[Collected data entries]
lemma zc_in_OS [simp]: "zc \<in> OS n m"
  unfolding zc_def by (rule Fract_poly_in_OS)

lemma of_int_in_OS [simp]: "of_int k \<in> OS n m"
  using cst_in_OS[of "of_int k"] by (simp add: cst_of_int)

lemma z_power_inverse_in_OS: "Fract 1 (monom 1 t) \<in> OS n m"
  using OSI[of n m 0 1 t] by simp

lemma monom_mult_OS_denominator:
  "monom (1::complex) a * [:1, -1:] ^ b * (monom 1 a' * [:1, -1:] ^ b')
   = monom 1 (a + a') * [:1, -1:] ^ (b + b')"
  by (simp add: mult_monom power_add algebra_simps)

lemma OS_mult: assumes "x \<in> OS n m" "y \<in> OS n m" shows "x * y \<in> OS n m"
proof -
  obtain p a b where x: "n = m \<or> b = 0" "x = Fract p (monom 1 a * [:1, -1:] ^ b)"
    using assms(1) by (rule OSE)
  obtain p' a' b' where y: "n = m \<or> b' = 0" "y = Fract p' (monom 1 a' * [:1, -1:] ^ b')"
    using assms(2) by (rule OSE)
  have "x * y = Fract (p * p') (monom 1 (a + a') * [:1, -1:] ^ (b + b'))"
    using x y by (simp add: monom_mult_OS_denominator)
  then show ?thesis using x y OSI[of n m "b + b'"] by auto
qed

lemma OS_add: assumes "x \<in> OS n m" "y \<in> OS n m" shows "x + y \<in> OS n m"
proof -
  obtain p a b where x: "n = m \<or> b = 0" "x = Fract p (monom 1 a * [:1, -1:] ^ b)"
    using assms(1) by (rule OSE)
  obtain p' a' b' where y: "n = m \<or> b' = 0" "y = Fract p' (monom 1 a' * [:1, -1:] ^ b')"
    using assms(2) by (rule OSE)
  have "x + y = Fract (p * (monom 1 a' * [:1, -1:] ^ b') + p' * (monom 1 a * [:1, -1:] ^ b))
                      (monom 1 (a + a') * [:1, -1:] ^ (b + b'))"
    using x y by (simp add: monom_mult_OS_denominator)
  then show ?thesis using x y OSI[of n m "b + b'"] by auto
qed

section \<open>Laurent polynomials and exact forms\<close>

lemma lookup_theta: "lookup (theta v g) e = of_int (lookup e v) * lookup g e"
  by (simp add: theta_def lookup_mapp when_def in_keys_iff)

lemma theta_add: "theta v (a + b) = theta v a + theta v b"
  by (rule poly_mapping_eqI) (simp add: lookup_theta lookup_add algebra_simps)

lemma theta_0 [simp]: "theta v 0 = 0"
  by (rule poly_mapping_eqI) (simp add: lookup_theta)

lemma theta_diff: "theta v (a - b) = theta v a - theta v b"
  by (rule poly_mapping_eqI) (simp add: lookup_theta lookup_minus algebra_simps)

lemma theta_sum: "theta v (\<Sum>x\<in>A. f x) = (\<Sum>x\<in>A. theta v (f x))"
  by (induction A rule: infinite_finite_induct) (auto simp: theta_add)

lemma theta_single: "theta v (single e a) = single e (of_int (lookup e v) * a)"
  by (rule poly_mapping_eqI) (simp add: lookup_theta lookup_single when_def)

lemma lookup_scal: "lookup (scal c g) e = c * lookup g e"
  by (simp add: scal_def mult_map_scale_conv_mult[symmetric] Poly_Mapping.map.rep_eq when_def)

lemma scal_add: "scal c (a + b) = scal c a + scal c b"
  by (simp add: scal_def distrib_left)

lemma scal_diff: "scal c (a - b) = scal c a - scal c b"
  by (simp add: scal_def right_diff_distrib)

lemma scal_sum: "scal c (\<Sum>x\<in>A. f x) = (\<Sum>x\<in>A. scal c (f x))"
  by (simp add: scal_def sum_distrib_left)

lemma scal_scal: "scal c (scal c' g) = scal (c * c') g"
  by (simp add: scal_def mult.assoc[symmetric] mult_single)

lemma scal_1 [simp]: "scal 1 g = g"
  by (simp add: scal_def)

lemma scal_0 [simp]: "scal 0 g = 0"
  by (simp add: scal_def)

lemma scal_single: "scal c (single e a) = single e (c * a)"
  by (simp add: scal_def mult_single)

lemma scal_mult: "scal c (a * b) = a * scal c b"
  by (simp add: scal_def algebra_simps)

lemma scal_add_left: "scal (c + c') g = scal c g + scal c' g"
  by (simp add: scal_def single_add distrib_right)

* _Exercise details_:
Give the entries again in full, exactly as they were written above.

* _Exercise answer_:
lemma zc_in_OS [simp]: "zc \<in> OS n m"
  unfolding zc_def by (rule Fract_poly_in_OS)

lemma of_int_in_OS [simp]: "of_int k \<in> OS n m"
  using cst_in_OS[of "of_int k"] by (simp add: cst_of_int)

lemma z_power_inverse_in_OS: "Fract 1 (monom 1 t) \<in> OS n m"
  using OSI[of n m 0 1 t] by simp

lemma monom_mult_OS_denominator:
  "monom (1::complex) a * [:1, -1:] ^ b * (monom 1 a' * [:1, -1:] ^ b')
   = monom 1 (a + a') * [:1, -1:] ^ (b + b')"
  by (simp add: mult_monom power_add algebra_simps)

lemma OS_mult: assumes "x \<in> OS n m" "y \<in> OS n m" shows "x * y \<in> OS n m"
proof -
  obtain p a b where x: "n = m \<or> b = 0" "x = Fract p (monom 1 a * [:1, -1:] ^ b)"
    using assms(1) by (rule OSE)
  obtain p' a' b' where y: "n = m \<or> b' = 0" "y = Fract p' (monom 1 a' * [:1, -1:] ^ b')"
    using assms(2) by (rule OSE)
  have "x * y = Fract (p * p') (monom 1 (a + a') * [:1, -1:] ^ (b + b'))"
    using x y by (simp add: monom_mult_OS_denominator)
  then show ?thesis using x y OSI[of n m "b + b'"] by auto
qed

lemma OS_add: assumes "x \<in> OS n m" "y \<in> OS n m" shows "x + y \<in> OS n m"
proof -
  obtain p a b where x: "n = m \<or> b = 0" "x = Fract p (monom 1 a * [:1, -1:] ^ b)"
    using assms(1) by (rule OSE)
  obtain p' a' b' where y: "n = m \<or> b' = 0" "y = Fract p' (monom 1 a' * [:1, -1:] ^ b')"
    using assms(2) by (rule OSE)
  have "x + y = Fract (p * (monom 1 a' * [:1, -1:] ^ b') + p' * (monom 1 a * [:1, -1:] ^ b))
                      (monom 1 (a + a') * [:1, -1:] ^ (b + b'))"
    using x y by (simp add: monom_mult_OS_denominator)
  then show ?thesis using x y OSI[of n m "b + b'"] by auto
qed

section \<open>Laurent polynomials and exact forms\<close>

lemma lookup_theta: "lookup (theta v g) e = of_int (lookup e v) * lookup g e"
  by (simp add: theta_def lookup_mapp when_def in_keys_iff)

lemma theta_add: "theta v (a + b) = theta v a + theta v b"
  by (rule poly_mapping_eqI) (simp add: lookup_theta lookup_add algebra_simps)

lemma theta_0 [simp]: "theta v 0 = 0"
  by (rule poly_mapping_eqI) (simp add: lookup_theta)

lemma theta_diff: "theta v (a - b) = theta v a - theta v b"
  by (rule poly_mapping_eqI) (simp add: lookup_theta lookup_minus algebra_simps)

lemma theta_sum: "theta v (\<Sum>x\<in>A. f x) = (\<Sum>x\<in>A. theta v (f x))"
  by (induction A rule: infinite_finite_induct) (auto simp: theta_add)

lemma theta_single: "theta v (single e a) = single e (of_int (lookup e v) * a)"
  by (rule poly_mapping_eqI) (simp add: lookup_theta lookup_single when_def)

lemma lookup_scal: "lookup (scal c g) e = c * lookup g e"
  by (simp add: scal_def mult_map_scale_conv_mult[symmetric] Poly_Mapping.map.rep_eq when_def)

lemma scal_add: "scal c (a + b) = scal c a + scal c b"
  by (simp add: scal_def distrib_left)

lemma scal_diff: "scal c (a - b) = scal c a - scal c b"
  by (simp add: scal_def right_diff_distrib)

lemma scal_sum: "scal c (\<Sum>x\<in>A. f x) = (\<Sum>x\<in>A. scal c (f x))"
  by (simp add: scal_def sum_distrib_left)

lemma scal_scal: "scal c (scal c' g) = scal (c * c') g"
  by (simp add: scal_def mult.assoc[symmetric] mult_single)

lemma scal_1 [simp]: "scal 1 g = g"
  by (simp add: scal_def)

lemma scal_0 [simp]: "scal 0 g = 0"
  by (simp add: scal_def)

lemma scal_single: "scal c (single e a) = single e (c * a)"
  by (simp add: scal_def mult_single)

lemma scal_mult: "scal c (a * b) = a * scal c b"
  by (simp add: scal_def algebra_simps)

lemma scal_add_left: "scal (c + c') g = scal c g + scal c' g"
  by (simp add: scal_def single_add distrib_right)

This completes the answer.